■ What you are asked to do:
Pull out every line below holding the word "that".
START Given records
definition model_satellite ::
  "(real \<Rightarrow> real^3) \<Rightarrow> (real \<Rightarrow> real^3) \<Rightarrow> nat \<Rightarrow> nat \<Rightarrow> real \<Rightarrow> real \<Rightarrow> real^3" where
  "model_satellite \<gamma> \<eta> p q \<epsilon> t =
     sphere_exp (\<gamma> (real p * t)) ((\<epsilon> * sin (real q * t)) *\<^sub>R \<eta> (real p * t))"

definition lift_homotopic ::
  "(real \<Rightarrow> real^3) \<Rightarrow> (real \<Rightarrow> real^3) \<Rightarrow> (real \<Rightarrow> real^3) \<Rightarrow> bool" where
  "lift_homotopic \<gamma> a b \<longleftrightarrow>
     (\<exists>c :: real \<Rightarrow> real \<Rightarrow> real^3.
        c 0 = a \<and> c 1 = b \<and>
        (\<forall>s\<in>{0..1}. regular_closed_curve_S2 (c s)) \<and>
        continuous_on ({0..1} \<times> UNIV) (\<lambda>(s, t). tangent_lift (c s) t) \<and>
        (\<forall>s\<in>{0..1}. \<forall>t. tangent_lift (c s) t \<in> T1S2 - range (tangent_lift \<gamma>)))"

definition is_satellite ::
  "(real \<Rightarrow> real^3) \<Rightarrow> (real \<Rightarrow> real^3) \<Rightarrow> nat \<Rightarrow> nat \<Rightarrow> (real \<Rightarrow> real^3) \<Rightarrow> bool" where
  "is_satellite \<gamma> \<eta> p q c \<longleftrightarrow>
     regular_closed_curve_S2 c \<and>
     (\<exists>\<epsilon>0>0. \<forall>\<epsilon>. 0 < \<epsilon> \<and> \<epsilon> < \<epsilon>0 \<longrightarrow> lift_homotopic \<gamma> c (model_satellite \<gamma> \<eta> p q \<epsilon>))"

end

theory Submission
  imports Defs
begin

text \<open>Write points of S3 as (z1, z2).  The complex function hopf_B (x, u) = x + i u on T1S2
  pulls back under lmap to 2 z2^2 and vanishes on T1S2 exactly along the lift of the positive
  equator.  Its winding number along tangent lifts is therefore invariant under the homotopies
  allowed in the definition of a satellite, and on the model satellite it equals p - 2q; for
  q = 0 the model runs along the equator itself, so no satellite exists.  Hence z2 winds
  (p - 2q)/2 times per period along the lift, which closes up after one period if p is even and
  after two if p is odd.  Finally, S3 minus the circle z2 = 0 retracts onto the circle z1 = 0,
  so loops there are classified by the winding of z2.\<close>

definition periodic_winding :: "(real \<Rightarrow> complex) \<Rightarrow> int \<Rightarrow> bool" where
  "periodic_winding f k \<longleftrightarrow> (\<exists>g. continuous_on UNIV g \<and> (\<forall>t. f t = exp (g t)) \<and>
      (\<forall>t. g (t + 2*pi) = g t + 2 * complex_of_real pi * \<i> * of_int k))"

lemma Ints_valued_continuous_constant:
  fixes f :: "'a::topological_space \<Rightarrow> complex"
  assumes "connected S" "continuous_on S f" "\<And>x. x \<in> S \<Longrightarrow> f x \<in> \<int>"
  shows "f constant_on S"
proof (rule continuous_discrete_range_constant[OF assms(1,2)])
  fix x assume x: "x \<in> S"
  show "\<exists>e>0. \<forall>y. y \<in> S \<and> f y \<noteq> f x \<longrightarrow> e \<le> norm (f y - f x)"
  proof (intro exI[of _ 1] conjI allI impI)
    fix y assume y: "y \<in> S \<and> f y \<noteq> f x"
    obtain a where a: "f x = of_int a" using assms(3)[OF x] Ints_cases by metis
    obtain b where b: "f y = of_int b" using assms(3) y Ints_cases by metis
    have "a \<noteq> b" using a b y by auto
    then have "1 \<le> \<bar>b - a\<bar>" by linarith
    also have "\<bar>b - a\<bar> = norm (of_int (b - a) :: complex)" by (simp only: norm_of_int)
    also have "\<dots> = norm (f y - f x)" using a b by simp
    finally show "1 \<le> norm (f y - f x)" by simp
  qed simp
qed

lemma continuous_logarithms_differ_by_constant:
  fixes g h :: "'a::topological_space \<Rightarrow> complex"
  assumes "connected S" "S \<noteq> {}" "continuous_on S g" "continuous_on S h"
    and "\<And>x. x \<in> S \<Longrightarrow> exp (h x) = exp (g x)"
  obtains k :: int where "\<And>x. x \<in> S \<Longrightarrow> h x = g x + 2 * complex_of_real pi * \<i> * of_int k"
proof -
  have Ints: "(h x - g x) / (2 * complex_of_real pi * \<i>) \<in> \<int>" if x: "x \<in> S" for x
  proof -
    obtain n :: int where "h x = g x + complex_of_real (of_int (2 * n) * pi) * \<i>"
      using exp_eq[THEN iffD1, OF assms(5)[OF x]] by blast
    then show ?thesis by (simp add: field_simps)
  qed
  have "(\<lambda>x. (h x - g x) / (2 * complex_of_real pi * \<i>)) constant_on S"
    by (rule Ints_valued_continuous_constant[OF assms(1)])
      (use assms(3,4) Ints in \<open>auto intro!: continuous_intros\<close>)
  then obtain c where c: "\<And>x. x \<in> S \<Longrightarrow> (h x - g x) / (2 * complex_of_real pi * \<i>) = c"
    unfolding constant_on_def by blast
  obtain x0 where "x0 \<in> S" using assms(2) by blast
  then obtain k where k: "c = of_int k" using c Ints by (metis Ints_cases)
  show thesis
    by (rule that[of k]) (use c k in \<open>auto simp: field_simps\<close>)
qed

lemma periodic_winding_logarithm:
  assumes "periodic_winding f k" "continuous_on UNIV h" "\<And>t. f t = exp (h t)"
  shows "h (t + 2*pi) = h t + 2 * complex_of_real pi * \<i> * of_int k"
proof -
  obtain g where g: "continuous_on UNIV g" "\<And>t. f t = exp (g t)"
      "\<And>t. g (t + 2*pi) = g t + 2 * complex_of_real pi * \<i> * of_int k"
    using assms(1) unfolding periodic_winding_def by blast
  obtain m :: int where "\<And>x. h x = g x + 2 * complex_of_real pi * \<i> * of_int m"
    by (rule continuous_logarithms_differ_by_constant[of UNIV g h]) (use g assms in auto)
  then show ?thesis using g(3)[of t] by simp
qed

lemma periodic_winding_mult:
  "periodic_winding f k \<Longrightarrow> periodic_winding h m \<Longrightarrow> periodic_winding (\<lambda>t. f t * h t) (k + m)"
proof -
  assume "periodic_winding f k" "periodic_winding h m"
  then obtain g1 g2 where
      "continuous_on UNIV g1" "\<And>t. f t = exp (g1 t)"
      "\<And>t. g1 (t + 2*pi) = g1 t + 2 * complex_of_real pi * \<i> * of_int k"
      "continuous_on UNIV g2" "\<And>t. h t = exp (g2 t)"
      "\<And>t. g2 (t + 2*pi) = g2 t + 2 * complex_of_real pi * \<i> * of_int m"
    unfolding periodic_winding_def by metis
  then show ?thesis unfolding periodic_winding_def
    by (intro exI[of _ "\<lambda>t. g1 t + g2 t"])
       (auto intro!: continuous_intros simp: exp_add algebra_simps)
qed

lemma periodic_winding_cis: "periodic_winding (\<lambda>t. cis (of_int k * t)) k"
  unfolding periodic_winding_def
  by (rule exI[of _ "\<lambda>t. \<i> * of_real (of_int k * t)"])
     (auto intro!: continuous_intros simp: cis_conv_exp algebra_simps)

lemma periodic_winding_Re_cnj_pos:
  assumes "periodic_winding f k" "continuous_on UNIV h" "\<And>t. h (t + 2*pi) = h t"
    and "\<And>t. Re (f t * cnj (h t)) > 0"
  shows "periodic_winding h k"
proof -
  obtain g where g: "continuous_on UNIV g" "\<And>t. f t = exp (g t)"
      "\<And>t. g (t + 2*pi) = g t + 2 * complex_of_real pi * \<i> * of_int k"
    using assms(1) unfolding periodic_winding_def by blast
  have fnz: "f t \<noteq> 0" for t using g(2) by simp
  have re: "Re (h t / f t) > 0" for t
  proof -
    have "h t / f t = cnj (f t * cnj (h t)) / (of_real (norm (f t))^2)"
      using fnz by (simp add: field_simps complex_norm_square flip: of_real_power)
    then show ?thesis using assms(4)[of t] fnz by (simp add: Re_divide_of_real)
  qed
  have "exp (2 * complex_of_real pi * \<i> * of_int k) = 1"
    using exp_integer_2pi[of "of_int k"] by (simp add: mult_ac)
  then have fper: "f (t + 2*pi) = f t" for t using g(2,3) by (simp add: exp_add)
  have contf: "continuous_on UNIV f"
    using g(1,2) by (metis (no_types, lifting) continuous_on_cong continuous_on_exp)
  define l where "l t = Ln (h t / f t)" for t
  have contl: "continuous_on UNIV l" unfolding l_def
    by (rule continuous_on_compose2[of "{z. 0 < Re z}" Ln])
       (use re fnz in \<open>auto intro!: continuous_intros contf assms(2) continuous_on_Ln'
                          simp: nonpos_Reals_def\<close>)
  show ?thesis unfolding periodic_winding_def
  proof (intro exI[of _ "\<lambda>t. g t + l t"] conjI allI)
    show "continuous_on UNIV (\<lambda>t. g t + l t)" using g(1) contl by (intro continuous_intros)
  next
    fix t
    have "h t / f t \<noteq> 0" using re[of t] by auto
    then show "h t = exp (g t + l t)" using fnz g(2)[of t] by (simp add: exp_add l_def)
  next
    fix t
    show "g (t + 2 * pi) + l (t + 2 * pi) = g t + l t + 2 * complex_of_real pi * \<i> * of_int k"
      using g(3)[of t] by (simp add: l_def fper assms(3))
  qed
qed

text \<open>A logarithm of the whole homotopy exists because the strip is contractible; its shift
  by one period is then a continuous integer multiple of 2 pi i, hence constant.\<close>
lemma periodic_winding_homotopic:
  fixes F :: "real \<times> real \<Rightarrow> complex"
  assumes contF: "continuous_on ({0..1} \<times> UNIV) F"
    and nz: "\<And>s t. s \<in> {0..1} \<Longrightarrow> F (s, t) \<noteq> 0"
    and per: "\<And>s t. s \<in> {0..1} \<Longrightarrow> F (s, t + 2*pi) = F (s, t)"
    and s: "s \<in> {0..1}" and s': "s' \<in> {0..1}"
    and wind: "periodic_winding (\<lambda>t. F (s, t)) k"
  shows "periodic_winding (\<lambda>t. F (s', t)) k"
proof -
  let ?S = "{0..1::real} \<times> (UNIV::real set)"
  have "contractible ?S" by (intro convex_imp_contractible convex_Times) auto
  then obtain G where G: "continuous_on ?S G" "\<And>x. x \<in> ?S \<Longrightarrow> F x = exp (G x)"
    using continuous_logarithm_on_contractible[OF contF] nz by (metis mem_Times_iff prod.collapse)
  obtain c :: int where
    c: "\<And>x. x \<in> ?S \<Longrightarrow> G (fst x, snd x + 2*pi) = G x + 2 * complex_of_real pi * \<i> * of_int c"
  proof (rule continuous_logarithms_differ_by_constant[of ?S G "\<lambda>x. G (fst x, snd x + 2*pi)"])
    show "connected ?S" by (intro convex_connected convex_Times) auto
    show "continuous_on ?S (\<lambda>x. G (fst x, snd x + 2*pi))"
      by (rule continuous_on_compose2[OF G(1)]) (auto intro!: continuous_intros)
    fix x assume "x \<in> ?S"
    then show "exp (G (fst x, snd x + 2 * pi)) = exp (G x)"
      using G(2)[of x] G(2)[of "(fst x, snd x + 2*pi)"] per[of "fst x" "snd x"] by auto
  qed (use G in auto)
  have slice: "continuous_on UNIV (\<lambda>t. G (r, t))" if "r \<in> {0..1}" for r
    by (rule continuous_on_compose2[OF G(1)]) (use that in \<open>auto intro!: continuous_intros\<close>)
  have "G (s, 0 + 2*pi) = G (s, 0) + 2 * complex_of_real pi * \<i> * of_int k"
    by (rule periodic_winding_logarithm[OF wind slice[OF s]]) (use G(2) s in auto)
  then have "c = k" using c[of "(s, 0)"] s by simp
  then show ?thesis unfolding periodic_winding_def
    by (intro exI[of _ "\<lambda>t. G (s', t)"]) (use slice[OF s'] G(2) c s' in auto)
qed

lemma vec3_nth [simp]: "vec3 a b c $ 1 = a" "vec3 a b c $ 2 = b" "vec3 a b c $ 3 = c"
  by (simp_all add: vec3_def)

lemma vec3_eq_iff: "x = y \<longleftrightarrow> x $ 1 = y $ 1 \<and> x $ 2 = y $ 2 \<and> (x::real^3) $ 3 = y $ 3"
  by (auto simp: vec_eq_iff forall_3)

lemma inner_vec3: "x \<bullet> y = (x::real^3) $ 1 * y $ 1 + x $ 2 * y $ 2 + x $ 3 * y $ 3"
  by (simp add: inner_vec_def sum_3)

lemma norm_vec3: "norm (x::real^3) = sqrt ((x $ 1)^2 + (x $ 2)^2 + (x $ 3)^2)"
  by (simp add: norm_eq_sqrt_inner inner_vec3 power2_eq_square)

lemma norm_vec3_components [simp]: "norm (vec3 a b c) = sqrt (a^2 + b^2 + c^2)"
  by (simp add: norm_vec3)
END Given records
■ Expected answer:
    by (rule that[of k]) (use c k in \<open>auto simp: field_simps\<close>)
    by (rule continuous_on_compose2[OF G(1)]) (use that in \<open>auto intro!: continuous_intros\<close>)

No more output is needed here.